Curiously enough, Charles Dickens is responsible to some extent for this belief in the superiority of the British pickpocket. His immortal description of the training of the thief has been popularized in France, where people are convinced that Fagin has many able successors to teach the art of picking pockets on the most improved principles.

A few years ago, a long and circumstantial account appeared in a Parisian paper of a professional training school for thieves, which the writer professed to have visited in London. The article, of course, was a pure invention; but there is no doubt that the majority of those who read it accepted it as a gospel truth, and it is an amusing fact that its author received several letters offering him money if you would forward the address of the school. Evidently the French pickpocket is not above learning, so that there is hope for him yet. It may be added the word “pickpocket” has come into general use in France, where it has almost entirely replaced the French term, “voleur a la tire”.

Probably it is slandering the native practitioner to say that all the pockets artistically picked in Paris are rifled of their contents by experts from this side of the Channel. Still, it is a fact that the Parisian thief shows a predilection for strokes of business that demand no particular talent. He is always on the lookout, for instance, for an opportunity of robbing persons who have been drinking, not wisely but too well. In one variety of this operation he is called, in French slang, the “guardian angel .” His role is to get into conversation with the toper, who is induced to accept his escort and his arm. Under these conditions, to strip the befuddled percentage of his belongings is child’s play.

A still simpler method of operating is that resorted to by the “poivrier”. This class of rogue lies in wait for the drunkard who is rash enough to go to sleep on one of the public seats that are common in the larger Parisian thoroughfares. As a rule the poivrier is able to explore the pockets of his victim without danger, but it happens occasionally that his wrist is seized in a tight grip, and he is invited to step around to the nearest police station, the pretended sleeper being a detective engaged in what is technically known as “fishing.”

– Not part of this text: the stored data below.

lemma line_differentiable_diff:
  assumes "line_differentiable f" "line_differentiable g"
  shows "line_differentiable (\<lambda>y. f y - g y)"
  using has_vector_derivative_diff[OF assms[THEN has_vector_derivative_dirderiv]]
  by (rule line_differentiableI)

lemma dirderiv_diff:
  assumes "line_differentiable f" "line_differentiable g"
  shows "dirderiv v (\<lambda>y. f y - g y) x = dirderiv v f x - dirderiv v g x"
  using has_vector_derivative_diff[OF assms[THEN has_vector_derivative_dirderiv]]
  by (rule dirderiv_eqI)

lemma line_differentiable_sum:
  assumes "\<And>i. i \<in> I \<Longrightarrow> line_differentiable (f i)"
  shows "line_differentiable (\<lambda>y. \<Sum>i\<in>I. f i y)"
  using has_vector_derivative_sum[OF has_vector_derivative_dirderiv[OF assms]]
  by (rule line_differentiableI)

lemma dirderiv_sum:
  assumes "\<And>i. i \<in> I \<Longrightarrow> line_differentiable (f i)"
  shows "dirderiv v (\<lambda>y. \<Sum>i\<in>I. f i y) x = (\<Sum>i\<in>I. dirderiv v (f i) x)"
  using has_vector_derivative_sum[OF has_vector_derivative_dirderiv[OF assms]]
  by (rule dirderiv_eqI)

lemma line_differentiable_mult:
  fixes f g :: "'a::real_normed_vector \<Rightarrow> 'b::real_normed_algebra"
  assumes "line_differentiable f" "line_differentiable g"
  shows "line_differentiable (\<lambda>y. f y * g y)"
  using has_vector_derivative_mult[OF assms[THEN has_vector_derivative_dirderiv]]
  by (rule line_differentiableI)

lemma dirderiv_mult:
  fixes f g :: "'a::real_normed_vector \<Rightarrow> 'b::real_normed_algebra"
  assumes "line_differentiable f" "line_differentiable g"
  shows "dirderiv v (\<lambda>y. f y * g y) x = f x * dirderiv v g x + dirderiv v f x * g x"
  using has_vector_derivative_mult[OF assms[THEN has_vector_derivative_dirderiv]]
  by (intro dirderiv_eqI) simp

lemma line_differentiable_compose_linear:
  "line_differentiable f \<Longrightarrow> linear T \<Longrightarrow> line_differentiable (\<lambda>y. f (T y))"
  by (intro line_differentiableI[where D = "\<lambda>x v. dirderiv (T v) f (T x)"])
    (simp add: has_vector_derivative_dirderiv linear_add linear_scale)

lemma dirderiv_compose_linear:
  "linear T \<Longrightarrow> dirderiv v (\<lambda>y. f (T y)) x = dirderiv (T v) f (T x)"
  unfolding dirderiv_def by (simp add: linear_add linear_scale)

lemma dirderiv_scaleR_direction:
  assumes "line_differentiable f"
  shows "dirderiv (c *\<^sub>R v) f x = c *\<^sub>R dirderiv v f x"
proof -
  have "((\<lambda>t. c * t) has_vector_derivative c) (at 0)"
    by (auto intro!: derivative_eq_intros)
  then have "(((\<lambda>u. f (x + u *\<^sub>R v)) \<circ> (\<lambda>t. c * t)) has_vector_derivative c *\<^sub>R dirderiv v f x) (at 0)"
    using vector_diff_chain_at has_vector_derivative_dirderiv[OF assms] by fastforce
  then show ?thesis
    by (intro dirderiv_eqI) (simp add: o_def mult.commute)
qed

lemma norm_diff_le_of_vector_derivative_bound:
  fixes k :: "real \<Rightarrow> 'b::real_normed_vector"
  assumes "\<And>s. s \<in> closed_segment 0 t \<Longrightarrow> (k has_vector_derivative k' s) (at s)"
    and "\<And>s. s \<in> closed_segment 0 t \<Longrightarrow> norm (k' s) \<le> B"
  shows "norm (k t - k 0) \<le> B * \<bar>t\<bar>"
proof -
  have "0 \<le> B"
    using assms(2)[of 0] by (rule order_trans[OF norm_ge_zero]) simp
  have "norm (k t - k 0) \<le> B * norm (t - 0)"
  proof (rule differentiable_bound[of "closed_segment 0 t" k "\<lambda>s h. h *\<^sub>R k' s" B t 0])
    fix s assume s: "s \<in> closed_segment 0 t"
    show "(k has_derivative (\<lambda>h. h *\<^sub>R k' s)) (at s within closed_segment 0 t)"
      using assms(1)[OF s] has_vector_derivative_at_within unfolding has_vector_derivative_def by blast
    show "onorm (\<lambda>h. h *\<^sub>R k' s) \<le> B"
      by (rule onorm_bound[OF \<open>0 \<le> B\<close>])
        (use assms(2)[OF s] in \<open>auto simp: mult.commute[of B] intro: mult_left_mono\<close>)
  qed auto
  then show ?thesis by simp
qed

lemma norm_increment_le_dirderiv_bound:
  assumes ld: "line_differentiable f"
    and bound: "\<And>s. s \<in> closed_segment 0 t \<Longrightarrow> norm (dirderiv w f (y + s *\<^sub>R w) - D) \<le> B"
  shows "norm (f (y + t *\<^sub>R w) - f y - t *\<^sub>R D) \<le> B * \<bar>t\<bar>"
proof -
  define k where "k = (\<lambda>s. f (y + s *\<^sub>R w) - s *\<^sub>R D)"
  have "(k has_vector_derivative dirderiv w f (y + s *\<^sub>R w) - D) (at s)" for s
    unfolding k_def
    by (rule has_vector_derivative_eq_rhs[OF has_vector_derivative_diff[OF
          has_vector_derivative_dirderiv_at[OF ld]
          has_vector_derivative_scaleR[OF DERIV_ident has_vector_derivative_const]]]) simp
  then have "norm (k t - k 0) \<le> B * \<bar>t\<bar>"
    using bound by (rule norm_diff_le_of_vector_derivative_bound)
  then show ?thesis
    by (simp add: k_def algebra_simps)
qed

lemma increment_near_dirderiv:
  assumes ld: "line_differentiable f" and cw: "continuous_on UNIV (dirderiv w f)" and e: "e > 0"
  obtains d where "d > 0" and "\<And>t. \<bar>t\<bar> < d \<Longrightarrow>
    norm (f (x + t *\<^sub>R v + t *\<^sub>R w) - f (x + t *\<^sub>R v) - t *\<^sub>R dirderiv w f x) \<le> e * \<bar>t\<bar>"
proof -
  obtain r where "r > 0" and r: "\<And>y. dist y x < r \<Longrightarrow> dist (dirderiv w f y) (dirderiv w f x) < e"
    using cw e unfolding continuous_on_iff by (metis UNIV_I)
  define d where "d = r / (norm v + norm w + 1)"
  have nvw: "norm v + norm w + 1 > 0" by (simp add: add_nonneg_pos)
  show thesis
  proof (rule that)
    show "d > 0" unfolding d_def using \<open>r > 0\<close> nvw by simp
    fix t :: real assume t: "\<bar>t\<bar> < d"
    have "norm (dirderiv w f (x + t *\<^sub>R v + s *\<^sub>R w) - dirderiv w f x) \<le> e"
      if "s \<in> closed_segment 0 t" for s
    proof -
      have "\<bar>s\<bar> \<le> \<bar>t\<bar>" using that by (auto simp: closed_segment_eq_real_ivl split: if_splits)
      have "norm (t *\<^sub>R v + s *\<^sub>R w) \<le> \<bar>t\<bar> * norm v + \<bar>s\<bar> * norm w"
        by (metis norm_scaleR norm_triangle_ineq)
      also have "\<dots> \<le> \<bar>t\<bar> * (norm v + norm w + 1)"
        using mult_right_mono[OF \<open>\<bar>s\<bar> \<le> \<bar>t\<bar>\<close> norm_ge_zero[of w]] by (simp add: algebra_simps)
      also have "\<dots> < r"
        using t nvw mult_strict_right_mono[of "\<bar>t\<bar>" d "norm v + norm w + 1"] by (simp add: d_def)
      finally have "dist (x + t *\<^sub>R v + s *\<^sub>R w) x < r" by (simp add: dist_norm add.assoc)
      from r[OF this] show ?thesis by (simp add: dist_norm)
    qed
    then show "norm (f (x + t *\<^sub>R v + t *\<^sub>R w) - f (x + t *\<^sub>R v) - t *\<^sub>R dirderiv w f x) \<le> e * \<bar>t\<bar>"
      using ld by (intro norm_increment_le_dirderiv_bound)
  qed
qed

A more elaborate mode of picking pockets is the “vol a l’esbrouffe. ” In this case at least two confederates are necessary. A street is chosen in which there is a fair amount of traffic. A likely victim having been marked down among the passersby, one of the thieves runs up against him, as if by accident, and, instead of apologizing for his awkwardness, lets fly a volley of abuse. A man who has been nearly upset and then insulted in this way gives the aggressor a bit of his mind, and in his excitement, and amid the gathering crowd, he is very likely not to notice that the second thief has eased him of his purse, his pocketbook, or his watch.

When his mere dexterity is at a loss, the Parisian thief often has recourse to violence. In a general way he is careful not to endanger the life of his victim. With this view he has perfected various modes of attack, which enable him to have his prey at his mercy for a few moments.

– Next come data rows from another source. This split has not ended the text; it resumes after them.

(* Let $\Gamma\subseteq\mathrm{Aff}(\mathbb{R}^n)$ be an $n$-dimensional crystallographic group whose subgroup of pure translations is exactly $\mathbb{Z}^n$, with holonomy group $F\subseteq\mathrm{GL}_n(\mathbb{Z})$. Then there exists a finite set $\Delta^{base}\subseteq\mathbb{R}^n$ such that for every $d^{base}\in\Delta^{base}$ the map $\xi_{(d^{base},I_n)}$ is an automorphism of $\Gamma$, and every $\varphi\in\mathrm{Aut}(\Gamma)$ with $\varphi|_{\mathbb{Z}^n}=I_n$ can be written as $\varphi=\iota\circ\xi_{(d^{base},I_n)}$ where $\iota=\xi_{(d^{int},I_n)}$ is an inner automorphism of $\Gamma$ with $d^{int}\in\mathbb{Z}^n$ and $d^{base}\in\Delta^{base}$.
   Context: $\mathrm{Aff}(\mathbb{R}^n)=\mathbb{R}^n\rtimes\mathrm{GL}_n(\mathbb{R})$ with multiplication $(d_1,D_1)(d_2,D_2)=(d_1+D_1d_2,D_1D_2)$. An $n$-dimensional crystallographic group is a discrete cocompact subgroup of the Euclidean group $\mathbb{R}^n\rtimes O(n)$; here it is realised (as is always possible) inside $\mathrm{Aff}(\mathbb{R}^n)$ such that $\Gamma\cap\mathbb{R}^n=\{(z,I_n)\mid z\in\mathbb{Z}^n\}$, identified with $\mathbb{Z}^n$. The holonomy group is $F=\{A\mid\exists a:\ (a,A)\in\Gamma\}\subseteq\mathrm{GL}_n(\mathbb{Z})$, a finite group. For $(d,D)\in\mathrm{Aff}(\mathbb{R}^n)$, $\xi_{(d,D)}$ denotes the map $\gamma\mapsto(d,D)\gamma(d,D)^{-1}$. Every automorphism $\varphi$ of $\Gamma$ is of the form $\xi_{(d,D)}$ for some $(d,D)\in\mathrm{Aff}(\mathbb{R}^n)$, and then $\varphi|_{\mathbb{Z}^n}$ is given by the matrix $D$. *)

theory Defs
  imports "HOL-Analysis.Analysis"
begin

text \<open>Elements of Aff(R^n) = R^n \<rtimes> GL_n(R) are represented as pairs (d, D).\<close>

type_synonym 'n aff = "(real ^ 'n) \<times> (real ^ 'n ^ 'n)"

definition aff_mult :: "'n::finite aff \<Rightarrow> 'n aff \<Rightarrow> 'n aff" where
  "aff_mult g h = (fst g + snd g *v fst h, snd g ** snd h)"

definition aff_inv :: "'n::finite aff \<Rightarrow> 'n aff" where
  "aff_inv g = (- (matrix_inv (snd g) *v fst g), matrix_inv (snd g))"

definition Aff :: "'n::finite aff set" where
  "Aff = {g. invertible (snd g)}"

definition Euc :: "'n::finite aff set" where
  "Euc = {g. orthogonal_matrix (snd g)}"

definition aff_subgroup :: "'n::finite aff set \<Rightarrow> 'n aff set \<Rightarrow> bool" where
  "aff_subgroup H G \<longleftrightarrow> H \<subseteq> G \<and> (0, mat 1) \<in> H \<and>
     (\<forall>g\<in>H. \<forall>h\<in>H. aff_mult g h \<in> H) \<and> (\<forall>g\<in>H. aff_inv g \<in> H)"

definition discrete_set :: "'n::finite aff set \<Rightarrow> bool" where
  "discrete_set H \<longleftrightarrow> (\<forall>g\<in>H. \<exists>e>0. \<forall>h\<in>H. dist h g < e \<longrightarrow> h = g)"

text \<open>Cocompact in the Euclidean group: Euc/H is compact, i.e. Euc = K H for a compact K.\<close>
definition cocompact_in_Euc :: "'n::finite aff set \<Rightarrow> bool" where
  "cocompact_in_Euc H \<longleftrightarrow> (\<exists>K. compact K \<and> K \<subseteq> Euc \<and>
     Euc \<subseteq> {aff_mult k h | k h. k \<in> K \<and> h \<in> H})"

definition xi :: "'n::finite aff \<Rightarrow> 'n aff \<Rightarrow> 'n aff" where
  "xi a g = aff_mult (aff_mult a g) (aff_inv a)"

definition crystallographic :: "'n::finite aff set \<Rightarrow> bool" where
  "crystallographic \<Gamma> \<longleftrightarrow> aff_subgroup \<Gamma> Aff \<and>
     (\<exists>a\<in>Aff. aff_subgroup (xi a ` \<Gamma>) Euc \<and> discrete_set (xi a ` \<Gamma>)
                \<and> cocompact_in_Euc (xi a ` \<Gamma>))"

definition int_vecs :: "(real ^ 'n::finite) set" where
  "int_vecs = {z. \<forall>i. z $ i \<in> \<int>}"

definition holonomy :: "'n::finite aff set \<Rightarrow> (real ^ 'n ^ 'n) set" where
  "holonomy \<Gamma> = snd ` \<Gamma>"

definition is_aut :: "'n::finite aff set \<Rightarrow> ('n aff \<Rightarrow> 'n aff) \<Rightarrow> bool" where
  "is_aut \<Gamma> \<phi> \<longleftrightarrow> bij_betw \<phi> \<Gamma> \<Gamma> \<and>
     (\<forall>g\<in>\<Gamma>. \<forall>h\<in>\<Gamma>. \<phi> (aff_mult g h) = aff_mult (\<phi> g) (\<phi> h))"

end

theory Submission
  imports Defs
begin

text \<open>The holonomy group is finite: its elements are integral matrices (they preserve the
  lattice of translations), and they are uniformly bounded because they are conjugate, by one
  fixed matrix, to orthogonal matrices. An automorphism \<open>\<phi>\<close> that fixes the translations
  preserves linear parts and shifts translation parts, \<open>\<phi> (a, A) = (a + \<delta> A, A)\<close>, where
  \<open>\<delta>\<close> is an integral 1-cocycle on the holonomy group \<open>F\<close>. Averaging the cocycle identity over the
  finite group \<open>F\<close> shows \<open>\<delta> A = d - A d\<close> for \<open>d = (1/|F|) \<Sum>\<^sub>B \<delta> B\<close>, i.e. \<open>\<phi> = xi (d, I)\<close>.
  Splitting \<open>d\<close> into its integral part and a fractional part with coordinates in
  \<open>{0, 1/|F|, \<dots>, (|F| - 1)/|F|}\<close> yields the finite set of base translations.\<close>

lemma matrix_inv_mult:
  fixes A :: "real^'n::finite^'n"
  assumes "invertible A"
  shows "A ** matrix_inv A = mat 1" and "matrix_inv A ** A = mat 1"
proof -
  have "\<exists>A'. A ** A' = mat 1 \<and> A' ** A = mat 1" using assms invertible_def by blast
  then have "A ** matrix_inv A = mat 1 \<and> matrix_inv A ** A = mat 1"
    unfolding matrix_inv_def by (rule someI_ex)
  then show "A ** matrix_inv A = mat 1" and "matrix_inv A ** A = mat 1" by auto
qed

lemma matrix_inv_mat_1: "matrix_inv (mat 1 :: real^'n::finite^'n) = mat 1"
  using matrix_inv_mult(1)[of "mat 1 :: real^'n^'n"] by (simp add: invertible_def)

lemma matrix_vector_mult_uminus: "(A::real^'n::finite^'m::finite) *v (- x) = - (A *v x)"
  using matrix_vector_mult_diff_distrib[of A 0 x] by simp

lemma matrix_vector_mult_sum:
  "(A::real^'n::finite^'m::finite) *v sum f S = (\<Sum>x\<in>S. A *v f x)"
  by (simp add: linear_sum[OF matrix_vector_mul_linear] o_def)

lemma norm_orthogonal_matrix_vector_mult:
  "orthogonal_matrix (R::real^'n::finite^'n) \<Longrightarrow> norm (R *v x) = norm x"
  by (metis matrix_vector_mul_linear orthogonal_transformation_matrix
      orthogonal_transformation_norm matrix_of_matrix_vector_mul)

lemma aff_mult_Pair [simp]: "aff_mult (a, A) (b, B) = (a + A *v b, A ** B)"
  by (simp add: aff_mult_def)

lemma xi_translation: "xi (d, mat 1) g = (fst g + d - snd g *v d, snd g)"
  by (cases g) (simp add: xi_def aff_inv_def matrix_inv_mat_1 matrix_vector_mult_uminus)

lemma xi_translation_comp: "xi (a, mat 1) (xi (b, mat 1) g) = xi (a + b, mat 1) g"
  by (simp add: xi_translation algebra_simps)

subsection \<open>Integral vectors and matrices\<close>

lemma int_vecs_diff: "x \<in> int_vecs \<Longrightarrow> y \<in> int_vecs \<Longrightarrow> x - y \<in> int_vecs"
  by (auto simp: int_vecs_def)

lemma int_vecs_uminus: "x \<in> int_vecs \<Longrightarrow> - x \<in> int_vecs"
  by (auto simp: int_vecs_def)

lemma int_vecs_sum: "(\<And>x. x \<in> S \<Longrightarrow> f x \<in> int_vecs) \<Longrightarrow> sum f S \<in> int_vecs"
  by (auto simp: int_vecs_def intro!: Ints_sum)

lemma axis_in_int_vecs: "axis j 1 \<in> int_vecs"
  by (auto simp: int_vecs_def axis_def)

lemma finite_vec_components:
  assumes "finite K"
  shows "finite {v::'a^'n::finite. \<forall>i. v $ i \<in> K}"
proof -
  have "{v::'a^'n. \<forall>i. v $ i \<in> K} \<subseteq> vec_lambda ` (UNIV \<rightarrow>\<^sub>E K)"
  proof
    fix v :: "'a^'n"
    assume "v \<in> {v. \<forall>i. v $ i \<in> K}"
    then have "vec_nth v \<in> UNIV \<rightarrow>\<^sub>E K" by auto
    then show "v \<in> vec_lambda ` (UNIV \<rightarrow>\<^sub>E K)"
      by (intro image_eqI[of v vec_lambda "vec_nth v"]) simp_all
  qed
  moreover have "finite (vec_lambda ` (UNIV \<rightarrow>\<^sub>E K) :: ('a^'n) set)"
    using assms by (simp add: finite_PiE)
  ultimately show ?thesis by (rule finite_subset)
qed

lemma finite_bounded_int_matrices:
  "finite {B::real^'m::finite^'n::finite. \<forall>i j. B $ i $ j \<in> \<int> \<and> \<bar>B $ i $ j\<bar> \<le> C}"
proof -
  let ?K = "{x::real. x \<in> \<int> \<and> \<bar>x\<bar> \<le> C}"
  have "{B::real^'m^'n. \<forall>i j. B $ i $ j \<in> \<int> \<and> \<bar>B $ i $ j\<bar> \<le> C}
      \<subseteq> {B. \<forall>i. B $ i \<in> {v. \<forall>j. v $ j \<in> ?K}}"
    by auto
  moreover have "finite ?K" using finite_abs_int_segment[of C] by simp
  then have "finite {v::real^'m. \<forall>j. v $ j \<in> ?K}" by (rule finite_vec_components)
  then have "finite {B::real^'m^'n. \<forall>i. B $ i \<in> {v. \<forall>j. v $ j \<in> ?K}}"
    by (rule finite_vec_components)
  ultimately show ?thesis by (rule finite_subset)
qed

text \<open>Conjugating \<open>B = E\<^sup>-\<^sup>1 R E\<close> with \<open>R\<close> orthogonal bounds the columns \<open>B e\<^sub>j\<close>
  uniformly in \<open>B\<close>, so only finitely many integral \<open>B\<close> occur.\<close>

lemma finite_int_matrices_conj_orthogonal:
  fixes E :: "real^'n::finite^'n"
  assumes "invertible E"
  shows "finite {B. (\<forall>i j. B $ i $ j \<in> \<int>) \<and> orthogonal_matrix (E ** B ** matrix_inv E)}"
proof -
  obtain C where C: "\<And>x. norm (matrix_inv E *v x) \<le> C * norm x" "C > 0"
    using linear_bounded_pos[OF matrix_vector_mul_linear] by metis
  define M where "M = (\<Sum>j\<in>UNIV. norm (E *v axis j 1))"
  have bound: "\<bar>B $ i $ j\<bar> \<le> C * M" if R: "orthogonal_matrix (E ** B ** matrix_inv E)" for B i j
  proof -
    let ?R = "E ** B ** matrix_inv E"
    have "B = matrix_inv E ** ?R ** E"
      by (metis matrix_mul_assoc matrix_mul_lid matrix_mul_rid matrix_inv_mult(2)[OF assms])
    then have "B *v axis j 1 = matrix_inv E *v (?R *v (E *v axis j 1))"
      by (metis matrix_vector_mul_assoc)
    then have "norm (B *v axis j 1) \<le> C * norm (E *v axis j 1)"
      using C(1) norm_orthogonal_matrix_vector_mult[OF R] by metis
    also have "\<dots> \<le> C * M"
      unfolding M_def using C(2) by (intro mult_left_mono member_le_sum) auto
    finally have "norm (B *v axis j 1) \<le> C * M" .
    moreover have "\<bar>B $ i $ j\<bar> \<le> norm (B *v axis j 1)"
      using component_le_norm_cart[of "B *v axis j 1" i]
      by (simp add: matrix_vector_mult_basis column_def)
    ultimately show ?thesis by linarith
  qed
  have "{B. (\<forall>i j. B $ i $ j \<in> \<int>) \<and> orthogonal_matrix (E ** B ** matrix_inv E)}
      \<subseteq> {B. \<forall>i j. B $ i $ j \<in> \<int> \<and> \<bar>B $ i $ j\<bar> \<le> C * M}"
  proof (intro subsetI CollectI allI conjI)
    fix B i j
    assume "B \<in> {B. (\<forall>i j. B $ i $ j \<in> \<int>) \<and> orthogonal_matrix (E ** B ** matrix_inv E)}"
    then show "B $ i $ j \<in> \<int>" and "\<bar>B $ i $ j\<bar> \<le> C * M" using bound by auto
  qed
  then show ?thesis using finite_bounded_int_matrices finite_subset by blast
qed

The “coup de la bascule”is a favorite expedient for robbers working alone, or “philosophers” as they are significantly termed in French thieves’ slang. Suppose a footpad sees somebody coming towards him in a lonely street. When a yard or two from the victim he makes a dart at him and with his left hand clutches him by the throat. Taken by surprise, the victim instinctively throws his head back. At this instant his assailant forces one of his legs from the ground by encircling it with his own legs, as in wrestling. The man who is assaulted is half tripped up, and naturally throws out his arms and effort to regain his balance.

His position, in fact, is very much that of the person attached to the swing board, or bascule, of the guillotine; hence the name of the coup. While the victim is in this helpless state, the thief with the right hand snatches his valuables and then, giving his man a final push or blow with his knee in the pit of the stomach, sends him rolling into the gutter, after which he himself takes to his heels. To be successful, especially if the victim be strong, this coup has to be carried out with the utmost rapidity and precision, far more quickly, indeed, then can be described.

The “coup de la petite chaise” is a sort of a variant of that just given, its object being also to make the victim lose his equilibrium for the few moments needed to allow of the robbery being effected. In this instance the assault is made from behind. The victim is seized by the collar, and the footpad then thrusts his knee into the small of his back, thus offering him what is ironically called a “little seat.” The prey once”spreadeagled” in this manner, the thief gets at his pockets over his shoulder. But the nature of the operation and the aptness with which it is named will be best understood by a glance at the illustration:

Both the coups just described and one or two others similar to them are risky. The chances are all against the victim at the outset, but once he is out of the hands of his assailant, there is nothing to prevent him from screaming for help, or even from turning the tables on his aggressor. A very superior invention from the point of view of the footpad, and a much more dangerous one from that of the victim, is the “coup du pere François .”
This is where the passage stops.